> [Saved data entries]
Start of Block

(* Assume the setting in the context. Let $x_i,x_j,x_k\in X$ be distinct, and suppose $(x_i,x_j)$ is an invisible pair, i.e., for all $M\subseteq X\setminus\{x_i\}$, $N\subseteq X\setminus\{x_j\}$ and $G_1,G_2\in\mathcal G$, $x_i-G_1(M)\not\perp\!\!\!\perp x_j-G_2(N)$. If $x_k$ is an ancestor of $x_i$ and $x_k\perp\!\!\!\perp x_j\mid x_i$, then $x_i$ is an ancestor of $x_j$.
   Context: Model: $X$ is a finite set of observed random variables and $U$ a finite set of unobserved random variables; $V=X\cup U$ and $G=(V,E)$ is a DAG on $V$. Each $v_i\in V$ satisfies $v_i=\sum_{x_j\in \mathrm{pa}(v_i)\cap X} f^{(i)}_j(x_j)+\sum_{u_k\in\mathrm{pa}(v_i)\cap U} f^{(i)}_k(u_k)+n_i$, where the $f$'s are nonlinear functions and the external noises $n_i$ are jointly independent. "Parent", "ancestor", "path", "d-separation" refer to $G$ (a path has distinct vertices). Causal Faithfulness Condition (CFC): any conditional independence among variables of $V$ that is not entailed by d-separation in $G$ does not hold. $\perp\!\!\!\perp$ denotes statistical independence, $\not\perp\!\!\!\perp$ dependence. Function class: $\mathcal G$ is a class of generalized additive functions: for $G\in\mathcal G$ and a set $M$ of observed variables, $G(M)=\sum_{x_m\in M} g_m(x_m)$ (with $G(\emptyset)=0$). It satisfies: for any $x_i,x_j\in X$, sets $M,N\subseteq X$, $G_1,G_2\in\mathcal G$ and external noise $n_k$, if $n_k\not\perp\!\!\!\perp x_i-G_1(M)$ and $n_k\not\perp\!\!\!\perp x_j-G_2(N)$ then $x_i-G_1(M)\not\perp\!\!\!\perp x_j-G_2(N)$. Definitions, for $X'\subseteq X$ and $x_i,x_j\in X'$: an unobserved causal path (UCP) from $x_i$ to $x_j$ w.r.t. $X'$ is a directed path $x_i\to\cdots\to v_k\to x_j$ in $G$ with $v_k\notin X'$; an unobserved backdoor path (UBP) between $x_i$ and $x_j$ w.r.t. $X'$ is a path $x_i\leftarrow v_k\leftarrow\cdots\leftarrow v\to\cdots\to v_l\to x_j$ with $v_k,v_l\notin X'$ (allowing $v=v_k$, $v=v_l$, or $v=v_k=v_l$; $v$ may be in $X'$). "UBP/UCP between $x_i$ and $x_j$" means a UBP or a UCP in either direction. $(x_i,x_j)$ is invisible w.r.t. $X'$ if there is a UBP/UCP between them w.r.t. $X'$. When $X'$ is omitted, $X'=X$. Standing fact (taken as known), for $X'\subseteq X$ and distinct $x_i,x_j\in X'$: (F3) $(x_i,x_j)$ is invisible w.r.t. $X'$ iff for all $M\subseteq X'\setminus\{x_i\}$, $N\subseteq X'\setminus\{x_j\}$, $G_1,G_2\in\mathcal G$: $x_i-G_1(M)\not\perp\!\!\!\perp x_j-G_2(N)$. *)

theory Defs
  imports "HOL-Probability.Probability"
begin

definition adjacent :: "('v \<times> 'v) set \<Rightarrow> 'v \<Rightarrow> 'v \<Rightarrow> bool" where
  "adjacent E a b \<longleftrightarrow> (a, b) \<in> E \<or> (b, a) \<in> E"

definition is_path :: "('v \<times> 'v) set \<Rightarrow> 'v list \<Rightarrow> bool" where
  "is_path E ps \<longleftrightarrow> ps \<noteq> [] \<and> distinct ps \<and>
     (\<forall>i. Suc i < length ps \<longrightarrow> adjacent E (ps ! i) (ps ! Suc i))"

definition is_dpath :: "('v \<times> 'v) set \<Rightarrow> 'v list \<Rightarrow> bool" where
  "is_dpath E ps \<longleftrightarrow> ps \<noteq> [] \<and> distinct ps \<and>
     (\<forall>i. Suc i < length ps \<longrightarrow> (ps ! i, ps ! Suc i) \<in> E)"

definition ancestor :: "('v \<times> 'v) set \<Rightarrow> 'v \<Rightarrow> 'v \<Rightarrow> bool" where
  "ancestor E a b \<longleftrightarrow> (a, b) \<in> E\<^sup>+"

definition collider_at :: "('v \<times> 'v) set \<Rightarrow> 'v list \<Rightarrow> nat \<Rightarrow> bool" where
  "collider_at E ps i \<longleftrightarrow> (ps ! (i - 1), ps ! i) \<in> E \<and> (ps ! Suc i, ps ! i) \<in> E"
lemma smooth_snd_nth [smooth_intros]: "smooth (\<lambda>w. snd w $ i)"
  by (intro smooth_on_bounded_linear bounded_linear_compose[OF bounded_linear_vec_nth] bounded_linear_snd)

lemma glow_eq_py_py: "(\<lambda>w. glow L w a b) = py a (py b L)"
  by (auto simp: glow_def gmat_def)

lemma smooth_glow [smooth_intros]: "smooth (\<lambda>w. glow L w a b)"
  unfolding glow_eq_py_py by (intro smooth_py L_smooth)

lemma smooth_det_gmat: "smooth (\<lambda>w. det (gmat L w))"
  unfolding det_def using smooth_glow unfolding glow_def
  by (intro smooth_on_sum[OF open_E] smooth_on_prod[OF open_E] smooth_on_mult[OF open_E] smooth_on_const)
    simp_all

text \<open>Cramer's rule exhibits each entry of the inverse as a quotient of polynomials in the g_{ab}.\<close>

lemma smooth_gup [smooth_intros]: "smooth (\<lambda>w. gup L w a b)"
proof (rule smooth_on_cong[OF open_E])
  have "smooth (\<lambda>w. det (\<chi> i j. if j = a then axis b 1 $ i else gmat L w $ i $ j))"
    unfolding det_def using smooth_glow unfolding glow_def
    by (intro smooth_on_sum[OF open_E] smooth_on_prod[OF open_E] smooth_on_mult[OF open_E]
        smooth_on_const) (simp_all add: smooth_on_if_const)
  then show "smooth (\<lambda>w. det (\<chi> i j. if j = a then axis b 1 $ i else gmat L w $ i $ j) / det (gmat L w))"
    by (rule smooth_on_divide[OF open_E _ smooth_det_gmat L_nondeg])
  show "det (\<chi> i j. if j = a then axis b 1 $ i else gmat L w $ i $ j) / det (gmat L w) = gup L w a b"
    if "w \<in> E" for w
    using matrix_inv_cramer[OF L_nondeg[OF that]] unfolding gup_def by simp
qed

lemma smooth_Gspray [smooth_intros]: "smooth (\<lambda>w. Gspray L w \<alpha>)"
  unfolding Gspray_def by (intro smooth_intros)

lemma Nconn_eq_py: "(\<lambda>w. Nconn L w \<alpha> \<mu>) = py \<mu> (\<lambda>w. Gspray L w \<alpha>)"
  by (auto simp: Nconn_def)

lemma Berwald_eq_py: "(\<lambda>w. Berwald L w \<alpha> \<mu> \<nu>) = py \<nu> (\<lambda>w. Nconn L w \<alpha> \<mu>)"
  by (auto simp: Berwald_def)

lemma smooth_Nconn [smooth_intros]: "smooth (\<lambda>w. Nconn L w \<alpha> \<mu>)"
  unfolding Nconn_eq_py by (intro smooth_py smooth_Gspray)

lemma smooth_Berwald [smooth_intros]: "smooth (\<lambda>w. Berwald L w \<alpha> \<mu> \<nu>)"
  unfolding Berwald_eq_py by (intro smooth_py smooth_Nconn)

lemma dlt_eq: "dlt L \<mu> F = (\<lambda>z. px \<mu> F z - (\<Sum>\<nu>\<in>UNIV. Nconn L z \<nu> \<mu> * py \<nu> F z))"
  by (auto simp: dlt_def)

lemma smooth_dlt [smooth_intros]: "smooth F \<Longrightarrow> smooth (dlt L \<mu> F)"
  unfolding dlt_eq by (intro smooth_intros)


lemma py_add: "smooth F \<Longrightarrow> smooth G \<Longrightarrow> w \<in> E \<Longrightarrow> py m (\<lambda>w. F w + G w) w = py m F w + py m G w"
  unfolding py_def by (intro frechet_derivative_add differentiable_at_E)

lemma py_diff: "smooth F \<Longrightarrow> smooth G \<Longrightarrow> w \<in> E \<Longrightarrow> py m (\<lambda>w. F w - G w) w = py m F w - py m G w"
  unfolding py_def by (intro frechet_derivative_diff differentiable_at_E)

lemma py_mult: "smooth F \<Longrightarrow> smooth G \<Longrightarrow> w \<in> E \<Longrightarrow> py m (\<lambda>w. F w * G w) w = py m F w * G w + F w * py m G w"
  unfolding py_def by (intro frechet_derivative_mult differentiable_at_E)
lemma linf_proj_norm_lower_bound:
  fixes S :: "nat \<Rightarrow> nat \<Rightarrow> real"
  assumes P: "is_bounded_proj (linf_norm n) (linf_space n) Y P"
    and S: "\<And>i j. i < n \<Longrightarrow> j < n \<Longrightarrow> S i j = S j i" "\<And>i j. i < n \<Longrightarrow> j < n \<Longrightarrow> \<bar>S i j\<bar> \<le> 1"
    and w: "\<And>i. i < n \<Longrightarrow> 0 \<le> w i"
    and eigen: "\<And>v j. v \<in> Y \<Longrightarrow> j < n \<Longrightarrow> (\<Sum>i<n. S j i * w i * v i) = \<mu> * v j"
  shows "\<mu> * (\<Sum>j<n. P (indicator {j}) j) \<le> (\<Sum>i<n. w i) * op_norm_on (linf_norm n) (linf_space n) P"
proof -
  define s where "s i = (\<lambda>j. if j < n then S i j else 0)" for i
  have s: "s i \<in> linf_space n" "i < n \<Longrightarrow> linf_norm n (s i) \<le> 1" for i
    using S(2) unfolding s_def linf_space_def linf_norm_le_iff by auto
  have lin: "linear_on (linf_space n) P" using is_bounded_proj_linear_on[OF P] .
  have PeY: "P (indicator {j}) \<in> Y" if "j < n" for j
    using is_bounded_proj_range[OF P indicator_in_linf_space[OF that]] .
  have "(\<Sum>i<n. w i * P (s i) i) = (\<Sum>i<n. \<Sum>j<n. w i * S i j * P (indicator {j}) i)"
    using linear_on_linf_expansion[OF lin s(1)]
    by (simp add: sum_fun_apply sum_distrib_left s_def mult.assoc)
  also have "\<dots> = (\<Sum>j<n. \<Sum>i<n. S j i * w i * P (indicator {j}) i)"
    by (subst sum.swap) (intro sum.cong refl, simp add: S(1))
  also have "\<dots> = \<mu> * (\<Sum>j<n. P (indicator {j}) j)"
    using eigen PeY by (simp add: sum_distrib_left)
  finally have trace: "(\<Sum>i<n. w i * P (s i) i) = \<mu> * (\<Sum>j<n. P (indicator {j}) j)" .
  have "P (s i) i \<le> op_norm_on (linf_norm n) (linf_space n) P" if "i < n" for i
  proof -
    have "P (s i) i \<le> linf_norm n (P (s i))"
      using abs_le_linf_norm[OF that] by (rule order_trans[OF abs_ge_self])
    also have "\<dots> \<le> op_norm_on (linf_norm n) (linf_space n) P"
      using s(1) s(2)[OF that] by (rule op_norm_on_upper[OF is_norm_on_linf P])
    finally show ?thesis .
  qed
  then have "(\<Sum>i<n. w i * P (s i) i) \<le> (\<Sum>i<n. w i * op_norm_on (linf_norm n) (linf_space n) P)"
    using w by (intro sum_mono mult_left_mono) auto
  then show ?thesis using trace by (simp add: sum_distrib_right)
qed
lemma cnj_mem_eigenvalues:
  fixes B :: "real^'n^'n"
  assumes "e \<in> eigenvalues B"
  shows "cnj e \<in> eigenvalues B"
proof -
  obtain v :: "complex^'n" where "v \<noteq> 0" and v: "cmat B *v v = e *s v"
    using assms unfolding eigenvalues_def by blast
  define v' :: "complex^'n" where "v' = (\<chi> i. cnj (v $ i))"
  have "v' \<noteq> 0"
    using \<open>v \<noteq> 0\<close> by (auto simp: v'_def vec_eq_iff)
  moreover have "cmat B *v v' = cnj e *s v'"
  proof -
    have "(\<Sum>j\<in>UNIV. complex_of_real (B $ i $ j) * v $ j) = e * v $ i" for i
      using v by (auto simp: vec_eq_iff matrix_vector_mult_def cmat_def)
    then have "cnj (\<Sum>j\<in>UNIV. complex_of_real (B $ i $ j) * v $ j) = cnj (e * v $ i)" for i
      by simp
    then have "(\<Sum>j\<in>UNIV. complex_of_real (B $ i $ j) * cnj (v $ j)) = cnj e * cnj (v $ i)" for i
      by (simp add: cnj_sum)
    then show ?thesis
      by (simp add: vec_eq_iff matrix_vector_mult_def cmat_def v'_def)
  qed
  ultimately show ?thesis
    unfolding eigenvalues_def by blast
qed

lemma real_eigenvector_of_real_eigenvalue:
  fixes B :: "real^'n^'n"
  assumes "e \<in> eigenvalues B" "Im e = 0"
  shows "\<exists>y. y \<noteq> 0 \<and> B *v y = Re e *s y"
proof -
  obtain v :: "complex^'n" where "v \<noteq> 0" and v: "cmat B *v v = e *s v"
    using assms(1) unfolding eigenvalues_def by blast
  have components: "(\<Sum>j\<in>UNIV. complex_of_real (B $ i $ j) * v $ j) = e * v $ i" for i
    using v by (auto simp: vec_eq_iff matrix_vector_mult_def cmat_def)
  define yr :: "real^'n" where "yr = (\<chi> i. Re (v $ i))"
  define yi :: "real^'n" where "yi = (\<chi> i. Im (v $ i))"
  have "(\<Sum>j\<in>UNIV. B $ i $ j * Re (v $ j)) = Re e * Re (v $ i)" for i
    using arg_cong[OF components[of i], of Re] assms(2) by (simp add: Re_sum)
  then have "B *v yr = Re e *s yr"
    by (simp add: vec_eq_iff matrix_vector_mult_def yr_def)
  moreover have "(\<Sum>j\<in>UNIV. B $ i $ j * Im (v $ j)) = Re e * Im (v $ i)" for i
    using arg_cong[OF components[of i], of Im] assms(2) by (simp add: Im_sum)
  then have "B *v yi = Re e *s yi"
    by (simp add: vec_eq_iff matrix_vector_mult_def yi_def)
  moreover have "yr \<noteq> 0 \<or> yi \<noteq> 0"
    using \<open>v \<noteq> 0\<close> by (auto simp: yr_def yi_def vec_eq_iff complex_eq_iff)
  ultimately show ?thesis
    by blast
qed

End of Block

Given the data above, transcribe exactly the lines from the one containing "by (auto simp: Berwald_def)" down to the one containing "by (auto simp: dlt_def)", and no others.

  by (auto simp: Berwald_def)

lemma smooth_Nconn [smooth_intros]: "smooth (\<lambda>w. Nconn L w \<alpha> \<mu>)"
  unfolding Nconn_eq_py by (intro smooth_py smooth_Gspray)

lemma smooth_Berwald [smooth_intros]: "smooth (\<lambda>w. Berwald L w \<alpha> \<mu> \<nu>)"
  unfolding Berwald_eq_py by (intro smooth_py smooth_Nconn)

lemma dlt_eq: "dlt L \<mu> F = (\<lambda>z. px \<mu> F z - (\<Sum>\<nu>\<in>UNIV. Nconn L z \<nu> \<mu> * py \<nu> F z))"
  by (auto simp: dlt_def)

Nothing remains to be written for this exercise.